### Your task
Nothing but the lines from the one containing "and $1\leq r\leq" through the one containing "rows; only rows i < t are relevant.\<close>", both included, should be given again, each exactly as written below.

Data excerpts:
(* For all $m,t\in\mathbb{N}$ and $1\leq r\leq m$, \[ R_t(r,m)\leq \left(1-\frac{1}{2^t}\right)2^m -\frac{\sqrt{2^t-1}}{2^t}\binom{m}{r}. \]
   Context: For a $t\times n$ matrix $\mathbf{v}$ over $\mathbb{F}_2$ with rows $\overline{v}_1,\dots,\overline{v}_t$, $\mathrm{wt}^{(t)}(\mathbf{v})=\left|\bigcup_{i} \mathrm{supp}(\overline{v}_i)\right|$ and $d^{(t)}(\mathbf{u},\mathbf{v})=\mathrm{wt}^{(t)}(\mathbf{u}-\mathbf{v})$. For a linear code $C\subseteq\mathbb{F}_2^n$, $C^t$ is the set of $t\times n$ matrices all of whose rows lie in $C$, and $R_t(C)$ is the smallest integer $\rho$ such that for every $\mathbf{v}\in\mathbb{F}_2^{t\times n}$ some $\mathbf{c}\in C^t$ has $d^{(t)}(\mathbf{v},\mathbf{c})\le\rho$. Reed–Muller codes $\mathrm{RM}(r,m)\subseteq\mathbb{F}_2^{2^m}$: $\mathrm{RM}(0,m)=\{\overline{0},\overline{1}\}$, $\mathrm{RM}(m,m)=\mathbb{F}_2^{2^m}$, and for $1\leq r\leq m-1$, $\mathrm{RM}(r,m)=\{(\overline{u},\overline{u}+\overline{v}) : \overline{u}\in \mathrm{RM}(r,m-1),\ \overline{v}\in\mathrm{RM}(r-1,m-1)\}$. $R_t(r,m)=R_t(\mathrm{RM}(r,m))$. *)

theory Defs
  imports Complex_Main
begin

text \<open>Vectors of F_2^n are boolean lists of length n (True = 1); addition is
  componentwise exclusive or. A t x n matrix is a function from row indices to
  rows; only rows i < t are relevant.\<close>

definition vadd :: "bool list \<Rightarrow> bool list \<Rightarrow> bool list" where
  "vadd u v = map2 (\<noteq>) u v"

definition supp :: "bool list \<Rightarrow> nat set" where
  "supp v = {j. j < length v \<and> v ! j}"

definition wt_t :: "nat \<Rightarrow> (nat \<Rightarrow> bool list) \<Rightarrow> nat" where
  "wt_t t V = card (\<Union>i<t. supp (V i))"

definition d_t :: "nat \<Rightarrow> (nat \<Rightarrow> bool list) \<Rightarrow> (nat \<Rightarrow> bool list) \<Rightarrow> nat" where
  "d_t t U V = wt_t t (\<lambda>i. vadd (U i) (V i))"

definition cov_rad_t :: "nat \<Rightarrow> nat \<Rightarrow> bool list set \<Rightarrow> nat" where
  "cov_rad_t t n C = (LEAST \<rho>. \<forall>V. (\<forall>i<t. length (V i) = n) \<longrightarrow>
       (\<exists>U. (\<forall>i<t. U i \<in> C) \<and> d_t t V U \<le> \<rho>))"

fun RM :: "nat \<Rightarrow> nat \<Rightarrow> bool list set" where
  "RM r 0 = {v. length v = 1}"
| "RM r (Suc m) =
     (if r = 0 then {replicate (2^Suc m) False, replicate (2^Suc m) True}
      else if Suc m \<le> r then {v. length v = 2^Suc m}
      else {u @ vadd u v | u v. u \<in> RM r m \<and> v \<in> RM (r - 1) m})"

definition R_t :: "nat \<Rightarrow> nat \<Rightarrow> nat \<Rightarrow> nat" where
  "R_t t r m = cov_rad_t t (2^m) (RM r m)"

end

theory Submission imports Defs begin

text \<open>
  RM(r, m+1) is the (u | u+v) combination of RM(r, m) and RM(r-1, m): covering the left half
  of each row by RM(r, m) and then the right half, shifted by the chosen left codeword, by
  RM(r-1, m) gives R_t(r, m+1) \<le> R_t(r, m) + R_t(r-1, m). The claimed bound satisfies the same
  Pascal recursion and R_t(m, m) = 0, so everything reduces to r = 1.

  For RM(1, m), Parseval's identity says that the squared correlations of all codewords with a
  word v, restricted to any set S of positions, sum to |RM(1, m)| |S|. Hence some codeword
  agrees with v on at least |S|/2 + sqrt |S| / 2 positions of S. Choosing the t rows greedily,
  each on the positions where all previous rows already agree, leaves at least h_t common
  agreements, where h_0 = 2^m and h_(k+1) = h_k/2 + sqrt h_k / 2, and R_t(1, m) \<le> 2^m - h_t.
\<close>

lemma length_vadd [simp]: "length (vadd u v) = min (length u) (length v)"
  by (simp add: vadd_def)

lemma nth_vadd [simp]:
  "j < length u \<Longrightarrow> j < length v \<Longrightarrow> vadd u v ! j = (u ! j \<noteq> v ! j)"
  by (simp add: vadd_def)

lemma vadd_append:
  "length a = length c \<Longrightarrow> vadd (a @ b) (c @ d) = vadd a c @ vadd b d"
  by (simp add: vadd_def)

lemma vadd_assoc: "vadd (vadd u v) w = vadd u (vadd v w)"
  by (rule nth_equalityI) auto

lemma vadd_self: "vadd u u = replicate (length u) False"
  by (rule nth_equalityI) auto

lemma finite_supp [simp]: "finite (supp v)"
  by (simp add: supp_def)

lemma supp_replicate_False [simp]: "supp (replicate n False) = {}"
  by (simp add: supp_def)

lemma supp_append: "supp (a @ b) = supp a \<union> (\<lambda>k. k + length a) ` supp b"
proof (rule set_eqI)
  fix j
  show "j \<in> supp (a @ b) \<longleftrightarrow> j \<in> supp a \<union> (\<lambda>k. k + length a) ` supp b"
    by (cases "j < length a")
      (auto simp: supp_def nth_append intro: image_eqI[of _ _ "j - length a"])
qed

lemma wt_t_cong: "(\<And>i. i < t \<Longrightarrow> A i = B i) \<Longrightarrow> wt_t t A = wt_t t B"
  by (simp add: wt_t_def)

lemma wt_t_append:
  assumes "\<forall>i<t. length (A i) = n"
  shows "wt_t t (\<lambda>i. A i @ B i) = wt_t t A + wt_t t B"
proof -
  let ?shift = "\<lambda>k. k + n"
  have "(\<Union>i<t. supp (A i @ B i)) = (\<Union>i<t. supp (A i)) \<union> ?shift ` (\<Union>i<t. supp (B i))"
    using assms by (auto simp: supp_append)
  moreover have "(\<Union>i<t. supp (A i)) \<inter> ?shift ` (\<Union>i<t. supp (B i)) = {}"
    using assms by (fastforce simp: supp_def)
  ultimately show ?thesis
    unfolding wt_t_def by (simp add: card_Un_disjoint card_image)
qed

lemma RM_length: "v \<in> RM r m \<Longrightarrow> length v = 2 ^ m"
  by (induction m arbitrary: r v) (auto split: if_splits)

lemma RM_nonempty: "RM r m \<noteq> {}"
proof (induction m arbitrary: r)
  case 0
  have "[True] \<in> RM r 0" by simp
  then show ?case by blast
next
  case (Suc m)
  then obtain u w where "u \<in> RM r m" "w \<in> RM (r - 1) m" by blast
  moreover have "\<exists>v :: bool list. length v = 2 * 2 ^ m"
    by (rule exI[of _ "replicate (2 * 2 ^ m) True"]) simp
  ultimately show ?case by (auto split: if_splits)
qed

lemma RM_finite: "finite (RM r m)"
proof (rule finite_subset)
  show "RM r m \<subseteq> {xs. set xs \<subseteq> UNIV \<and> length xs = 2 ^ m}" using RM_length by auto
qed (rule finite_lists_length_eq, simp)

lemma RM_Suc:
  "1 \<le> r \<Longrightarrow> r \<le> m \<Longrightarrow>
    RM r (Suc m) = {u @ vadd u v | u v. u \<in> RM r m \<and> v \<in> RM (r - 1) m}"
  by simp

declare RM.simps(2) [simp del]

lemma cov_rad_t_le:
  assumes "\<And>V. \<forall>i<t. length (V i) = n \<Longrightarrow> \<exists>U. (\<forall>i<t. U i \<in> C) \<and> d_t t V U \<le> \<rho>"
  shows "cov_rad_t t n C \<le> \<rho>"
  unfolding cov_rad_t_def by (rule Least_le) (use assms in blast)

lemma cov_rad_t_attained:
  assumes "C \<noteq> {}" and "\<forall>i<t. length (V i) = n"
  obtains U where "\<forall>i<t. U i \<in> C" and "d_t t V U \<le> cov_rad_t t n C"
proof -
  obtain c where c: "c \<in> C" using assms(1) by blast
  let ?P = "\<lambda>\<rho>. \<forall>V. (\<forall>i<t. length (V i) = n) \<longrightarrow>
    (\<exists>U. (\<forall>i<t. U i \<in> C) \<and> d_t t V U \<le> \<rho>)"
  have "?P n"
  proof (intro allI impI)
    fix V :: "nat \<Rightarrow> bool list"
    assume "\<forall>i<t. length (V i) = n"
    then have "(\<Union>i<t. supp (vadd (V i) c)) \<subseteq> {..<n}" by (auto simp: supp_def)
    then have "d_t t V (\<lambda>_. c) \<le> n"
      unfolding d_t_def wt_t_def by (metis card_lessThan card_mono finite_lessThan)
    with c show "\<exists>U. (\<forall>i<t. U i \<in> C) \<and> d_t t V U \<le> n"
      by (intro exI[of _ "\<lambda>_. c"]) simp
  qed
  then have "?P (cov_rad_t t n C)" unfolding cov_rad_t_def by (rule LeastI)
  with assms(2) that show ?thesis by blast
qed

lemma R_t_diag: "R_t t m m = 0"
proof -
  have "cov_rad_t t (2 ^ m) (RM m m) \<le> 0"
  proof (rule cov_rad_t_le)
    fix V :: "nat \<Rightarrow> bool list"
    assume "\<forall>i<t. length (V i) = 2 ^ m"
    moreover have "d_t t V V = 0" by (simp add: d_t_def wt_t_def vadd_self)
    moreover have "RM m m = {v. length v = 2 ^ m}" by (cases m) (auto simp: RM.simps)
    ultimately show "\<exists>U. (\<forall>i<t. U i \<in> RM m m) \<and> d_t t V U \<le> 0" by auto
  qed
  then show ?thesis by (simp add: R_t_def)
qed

--

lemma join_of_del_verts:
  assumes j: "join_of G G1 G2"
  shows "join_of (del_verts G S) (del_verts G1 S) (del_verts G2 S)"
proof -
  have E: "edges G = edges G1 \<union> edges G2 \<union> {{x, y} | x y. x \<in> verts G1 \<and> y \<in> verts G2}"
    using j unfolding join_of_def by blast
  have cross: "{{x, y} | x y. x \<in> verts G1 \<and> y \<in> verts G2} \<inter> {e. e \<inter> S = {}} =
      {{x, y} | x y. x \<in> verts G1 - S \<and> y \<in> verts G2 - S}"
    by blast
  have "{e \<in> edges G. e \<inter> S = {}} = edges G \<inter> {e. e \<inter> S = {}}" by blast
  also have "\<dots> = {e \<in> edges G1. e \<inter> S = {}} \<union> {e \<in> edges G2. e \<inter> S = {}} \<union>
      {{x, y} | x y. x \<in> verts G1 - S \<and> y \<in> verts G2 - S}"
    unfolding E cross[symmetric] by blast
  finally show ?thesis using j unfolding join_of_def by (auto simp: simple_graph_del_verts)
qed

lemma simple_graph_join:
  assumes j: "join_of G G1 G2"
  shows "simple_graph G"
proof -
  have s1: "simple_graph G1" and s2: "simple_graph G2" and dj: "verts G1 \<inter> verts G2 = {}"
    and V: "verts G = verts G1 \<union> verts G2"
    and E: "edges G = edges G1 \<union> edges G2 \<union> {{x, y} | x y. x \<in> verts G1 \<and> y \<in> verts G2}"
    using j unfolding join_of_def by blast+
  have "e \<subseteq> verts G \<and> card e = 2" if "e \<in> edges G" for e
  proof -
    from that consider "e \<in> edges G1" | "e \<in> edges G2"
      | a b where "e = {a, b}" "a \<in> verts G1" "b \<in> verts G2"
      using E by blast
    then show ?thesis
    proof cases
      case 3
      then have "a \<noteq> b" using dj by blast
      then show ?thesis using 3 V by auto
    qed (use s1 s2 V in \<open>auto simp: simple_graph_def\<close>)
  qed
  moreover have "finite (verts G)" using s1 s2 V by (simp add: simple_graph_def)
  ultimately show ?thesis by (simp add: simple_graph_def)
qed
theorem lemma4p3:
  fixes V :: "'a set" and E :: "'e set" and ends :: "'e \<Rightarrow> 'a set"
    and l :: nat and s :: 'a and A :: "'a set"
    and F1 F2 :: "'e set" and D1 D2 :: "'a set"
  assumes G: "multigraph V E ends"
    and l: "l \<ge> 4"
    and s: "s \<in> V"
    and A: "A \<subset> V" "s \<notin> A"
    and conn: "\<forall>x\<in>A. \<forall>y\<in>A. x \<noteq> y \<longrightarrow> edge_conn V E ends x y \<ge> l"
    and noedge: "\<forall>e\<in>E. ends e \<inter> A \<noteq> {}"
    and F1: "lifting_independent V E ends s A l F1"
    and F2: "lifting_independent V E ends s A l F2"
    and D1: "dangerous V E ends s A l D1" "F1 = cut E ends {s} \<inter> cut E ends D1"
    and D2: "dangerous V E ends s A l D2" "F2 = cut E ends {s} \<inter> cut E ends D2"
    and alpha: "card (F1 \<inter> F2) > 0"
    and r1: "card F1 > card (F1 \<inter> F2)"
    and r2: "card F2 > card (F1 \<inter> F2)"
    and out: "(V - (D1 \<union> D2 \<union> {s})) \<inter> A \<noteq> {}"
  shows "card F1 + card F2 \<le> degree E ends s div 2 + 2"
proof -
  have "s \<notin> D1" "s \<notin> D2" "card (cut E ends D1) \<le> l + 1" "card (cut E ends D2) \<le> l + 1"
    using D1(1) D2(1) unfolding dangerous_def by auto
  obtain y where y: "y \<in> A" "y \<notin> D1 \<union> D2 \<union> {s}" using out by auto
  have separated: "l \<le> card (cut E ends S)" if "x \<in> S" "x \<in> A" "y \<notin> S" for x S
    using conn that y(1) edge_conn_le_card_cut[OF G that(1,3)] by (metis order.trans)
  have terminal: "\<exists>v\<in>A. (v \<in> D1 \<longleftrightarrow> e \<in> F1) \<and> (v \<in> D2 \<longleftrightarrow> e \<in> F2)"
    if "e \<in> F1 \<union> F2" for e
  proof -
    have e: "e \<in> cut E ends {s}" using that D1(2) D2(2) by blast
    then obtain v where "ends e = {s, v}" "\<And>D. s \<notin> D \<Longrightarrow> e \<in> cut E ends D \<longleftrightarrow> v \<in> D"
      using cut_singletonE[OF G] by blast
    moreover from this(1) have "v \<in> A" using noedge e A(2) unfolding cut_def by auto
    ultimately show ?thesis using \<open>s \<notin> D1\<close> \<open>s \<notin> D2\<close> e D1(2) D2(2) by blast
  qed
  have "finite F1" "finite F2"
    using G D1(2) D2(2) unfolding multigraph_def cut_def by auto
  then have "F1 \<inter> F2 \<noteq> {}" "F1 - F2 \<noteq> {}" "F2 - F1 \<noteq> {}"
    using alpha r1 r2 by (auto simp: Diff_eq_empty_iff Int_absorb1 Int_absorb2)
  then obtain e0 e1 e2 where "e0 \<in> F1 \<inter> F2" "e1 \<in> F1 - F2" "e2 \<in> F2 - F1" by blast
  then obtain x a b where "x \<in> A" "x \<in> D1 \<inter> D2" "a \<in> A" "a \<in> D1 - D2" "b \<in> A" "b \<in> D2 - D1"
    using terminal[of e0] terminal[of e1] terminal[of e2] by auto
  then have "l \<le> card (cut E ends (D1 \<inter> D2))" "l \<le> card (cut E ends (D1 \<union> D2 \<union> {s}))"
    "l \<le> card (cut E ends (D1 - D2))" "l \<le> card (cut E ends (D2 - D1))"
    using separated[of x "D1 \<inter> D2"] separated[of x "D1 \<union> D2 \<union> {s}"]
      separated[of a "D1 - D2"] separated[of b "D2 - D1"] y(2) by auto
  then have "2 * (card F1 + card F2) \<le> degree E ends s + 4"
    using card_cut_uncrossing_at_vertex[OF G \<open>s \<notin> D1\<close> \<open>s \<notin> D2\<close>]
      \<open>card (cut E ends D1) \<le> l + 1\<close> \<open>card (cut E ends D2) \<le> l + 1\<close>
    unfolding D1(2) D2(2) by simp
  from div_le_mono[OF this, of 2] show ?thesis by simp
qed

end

### Solution
(* For all $m,t\in\mathbb{N}$ and $1\leq r\leq m$, \[ R_t(r,m)\leq \left(1-\frac{1}{2^t}\right)2^m -\frac{\sqrt{2^t-1}}{2^t}\binom{m}{r}. \]
   Context: For a $t\times n$ matrix $\mathbf{v}$ over $\mathbb{F}_2$ with rows $\overline{v}_1,\dots,\overline{v}_t$, $\mathrm{wt}^{(t)}(\mathbf{v})=\left|\bigcup_{i} \mathrm{supp}(\overline{v}_i)\right|$ and $d^{(t)}(\mathbf{u},\mathbf{v})=\mathrm{wt}^{(t)}(\mathbf{u}-\mathbf{v})$. For a linear code $C\subseteq\mathbb{F}_2^n$, $C^t$ is the set of $t\times n$ matrices all of whose rows lie in $C$, and $R_t(C)$ is the smallest integer $\rho$ such that for every $\mathbf{v}\in\mathbb{F}_2^{t\times n}$ some $\mathbf{c}\in C^t$ has $d^{(t)}(\mathbf{v},\mathbf{c})\le\rho$. Reed–Muller codes $\mathrm{RM}(r,m)\subseteq\mathbb{F}_2^{2^m}$: $\mathrm{RM}(0,m)=\{\overline{0},\overline{1}\}$, $\mathrm{RM}(m,m)=\mathbb{F}_2^{2^m}$, and for $1\leq r\leq m-1$, $\mathrm{RM}(r,m)=\{(\overline{u},\overline{u}+\overline{v}) : \overline{u}\in \mathrm{RM}(r,m-1),\ \overline{v}\in\mathrm{RM}(r-1,m-1)\}$. $R_t(r,m)=R_t(\mathrm{RM}(r,m))$. *)

theory Defs
  imports Complex_Main
begin

text \<open>Vectors of F_2^n are boolean lists of length n (True = 1); addition is
  componentwise exclusive or. A t x n matrix is a function from row indices to
  rows; only rows i < t are relevant.\<close>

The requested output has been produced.